Лопарев поднялся, намереваясь пойти на тайное моленье общины, чтоб защитить Акулину с младенцем.
Ефимия решительно загородила ему дорогу.
— Али вам жизнь надоела, барин?
— Жизнь каторжника не дорого ценится, Ефимия. Надо спасти Акулину с младенцем.
— Четырем гореть, значит, — скорбно промолвила Ефимия.
— Почему четырем?
— А как же, барин! Одно слово старца — и тебя скрутят и к той березе веревками привяжут. Спина спиной к Акулине с младенцем. Потом старец учинит мне спрос: не вела ли я греховных речей со щепотником с ветра? И я скажу: глаголила, отче. И шестипалый младенец, скажу, не от нечистого народился, а от уродства. И верованье наше лютое, не божеское, скажут. Тогда старец подымет два перста в небо и завопит: «Еретичка промеж нас, братия!» И тут схватят меня и к той березе веревками притянут.
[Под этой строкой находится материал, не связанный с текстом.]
lemma Lambda_f_RN_deriv_density:
  assumes "sigma_finite_measure P" and g: "g \<in> borel_measurable P" "\<And>x. 0 \<le> g x"
    and law: "distr P borel g = M" and "-1 < l"
  defines "Q \<equiv> density P (\<lambda>x. ennreal (g x))"
  shows "Lambda_f Q (\<lambda>x. ln (enn2real (RN_deriv P Q x))) l = Lambda_mu M l"
proof -
  have "AE x in P. ennreal (g x) = RN_deriv P Q x"
    using g unfolding Q_def by (intro sigma_finite_measure.RN_deriv_unique[OF assms(1)]) auto
  then have RN: "AE x in P. enn2real (RN_deriv P Q x) = g x"
    by eventually_elim (metis enn2real_ennreal g(2))
  have "(\<integral>\<^sup>+ x. ennreal (exp (l * ln (enn2real (RN_deriv P Q x)))) \<partial>Q)
      = (\<integral>\<^sup>+ x. ennreal (g x) * ennreal (exp (l * ln (enn2real (RN_deriv P Q x)))) \<partial>P)"
    unfolding Q_def using g by (intro nn_integral_density) auto
  also have "\<dots> = (\<integral>\<^sup>+ x. ennreal (g x powr (l + 1)) \<partial>P)"
    using RN by (intro nn_integral_cong_AE, eventually_elim)
      (simp add: g ennreal_mult[symmetric] mult_exp_mult_ln_eq_powr)
  also have "\<dots> = (\<integral>\<^sup>+ t. ennreal (t powr (l + 1)) \<partial>M)"
    unfolding law[symmetric] using g by (simp add: nn_integral_distr)
  finally show ?thesis
    unfolding Lambda_f_def Lambda_mu_def nn_integral_powr_eq_tail_integral[OF assms(5)] by simp
qed

context
  fixes P :: "'a measure" and p :: "'a \<Rightarrow> real"
  assumes P: "prob_space P" and p: "p \<in> borel_measurable P"
begin

interpretation P: prob_space P
  by (rule P)

lemma phi_fun_nonneg: "0 \<le> phi_fun M P p y"
  using H_mu_nonneg P.prob_le_1 by (simp add: phi_fun_def psi_fun_def)

lemma le_phi_fun_iff:
  assumes "0 < r"
  shows "r \<le> phi_fun M P p y \<longleftrightarrow> 0 < psi_fun P p y \<and> psi_fun P p y \<le> G_mu M r"
  using le_H_mu_iff[OF _ _ assms] P.prob_le_1 assms
  by (auto simp: phi_fun_def psi_fun_def)

lemma borel_measurable_phi_fun: "phi_fun M P p \<in> borel_measurable borel"
proof -
  let ?H = "\<lambda>rho. real_of_ereal (H_mu M rho)"
  have "mono_on {0<..1} (\<lambda>rho. - ?H rho)"
    by (auto simp: mono_on_def intro!: H_mu_antimono)
  then have "?H \<in> borel_measurable (restrict_space borel {0<..1})"
    using borel_measurable_mono_on_fnc by fastforce
  then have H_meas: "(\<lambda>rho. indicator {0<..1} rho *\<^sub>R ?H rho) \<in> borel_measurable borel"
    by (subst borel_measurable_restrict_space_iff[symmetric]) auto
  have "phi_fun M P p = (\<lambda>y. indicator {0<..1} (psi_fun P p y) *\<^sub>R ?H (psi_fun P p y))"
    using P.prob_le_1 by (auto simp: fun_eq_iff phi_fun_def psi_fun_def indicator_def)
  then show ?thesis
    using measurable_compose[OF P.borel_measurable_psi_fun[OF p] H_meas] by simp
qed

text \<open>The range condition makes the level \<open>G_mu M r\<close> a value of \<open>psi_fun P p\<close>, and at such levels
  \<open>psi_fun P p \<circ> p\<close> is uniformly distributed.\<close>
lemma measure_phi_fun_ge:
  assumes psi0: "psi_fun P p 0 = 0"
    and range: "G_mu M ` {0..} \<subseteq> psi_fun P p ` {0..} \<union> {1}"
  shows "measure P {x\<in>space P. r \<le> phi_fun M P p (p x)} = G_mu M r"
proof (cases "0 < r")
  case False
  then have "{x\<in>space P. r \<le> phi_fun M P p (p x)} = space P"
    using phi_fun_nonneg by (auto intro: order.trans[of r 0])
  then show ?thesis
    using False G_mu_nonpos[of r] by (simp add: P.prob_space)
next
  case True
  let ?F = "psi_fun P p"
  have "{x\<in>space P. r \<le> phi_fun M P p (p x)}
      = {x\<in>space P. ?F (p x) \<le> G_mu M r} - {x\<in>space P. ?F (p x) \<le> 0}"
    using le_phi_fun_iff[OF True] by auto
  moreover have "measure P {x\<in>space P. ?F (p x) \<le> 0} = 0"
    using P.measure_psi_fun_le_psi_fun[OF p, of 0] psi0 by simp
  ultimately have "measure P {x\<in>space P. r \<le> phi_fun M P p (p x)}
      = measure P {x\<in>space P. ?F (p x) \<le> G_mu M r}"
    using P.borel_measurable_psi_fun[OF p] p G_mu_nonneg[of r]
    by (simp add: P.finite_measure_Diff subset_eq)
  also have "\<dots> = G_mu M r"
  proof -
    have "G_mu M r \<in> G_mu M ` {0..}"
      using True by simp
    then have "G_mu M r \<in> ?F ` {0..} \<or> G_mu M r = 1"
      using range by blast
    then show ?thesis
    proof
      assume "G_mu M r \<in> ?F ` {0..}"
      then show ?thesis
        using P.measure_psi_fun_le_psi_fun[OF p] by auto
    next
      assume "G_mu M r = 1"
      then show ?thesis
        using P.prob_le_1 P.prob_space by (simp add: psi_fun_def)
    qed
  qed
  finally show ?thesis .
qed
Ефимия воздела руки к небу:
— Гореть тогда! Четырем гореть!
У Лопарева опустились плечи и ноги будто чугунными стали, с места не сдвинуть. Одному гореть — одна беда. Но четырем!..
— Кабы видели, как жгли себя филипповцы, которые отошли от общины Филаретовой, — продолжала Ефимия. — В срубах сосновых со младенцами, с белицами, мужики и бабы жгли себя огнем да еще песни пели радостные. И никто не остановил того огня! Никто не остановил смерть! В три ночи погорело более тысячи душ. Гарью обволокло все Поморье.
— О, тьма-тьмущая!..
— Тьма, тьма! — эхом отозвалась Ефимия.
— Такая крепость хуже тюрьмы.
— Хуже Александра, хуже! — Ефимия тревожно оглянулась и прислушалась. — Прости мою душу грешную. И я так думаю: не от бога крепость! Сомненья мучают, а исхода не вижу. Сколь верований знала, а все в душе пустошь. Про то никто не ведает. Один бог да небо ясное. Кабы знал старец, какая смута на душе моей, давно бы не жить мне!
Далеко за Ишимом скрестились белые молнии, и громыхнула гроза глухо, ворчливо.
— Хоть бы дождь пошел да залил бы всю степь, чтоб судный огонь не занялся!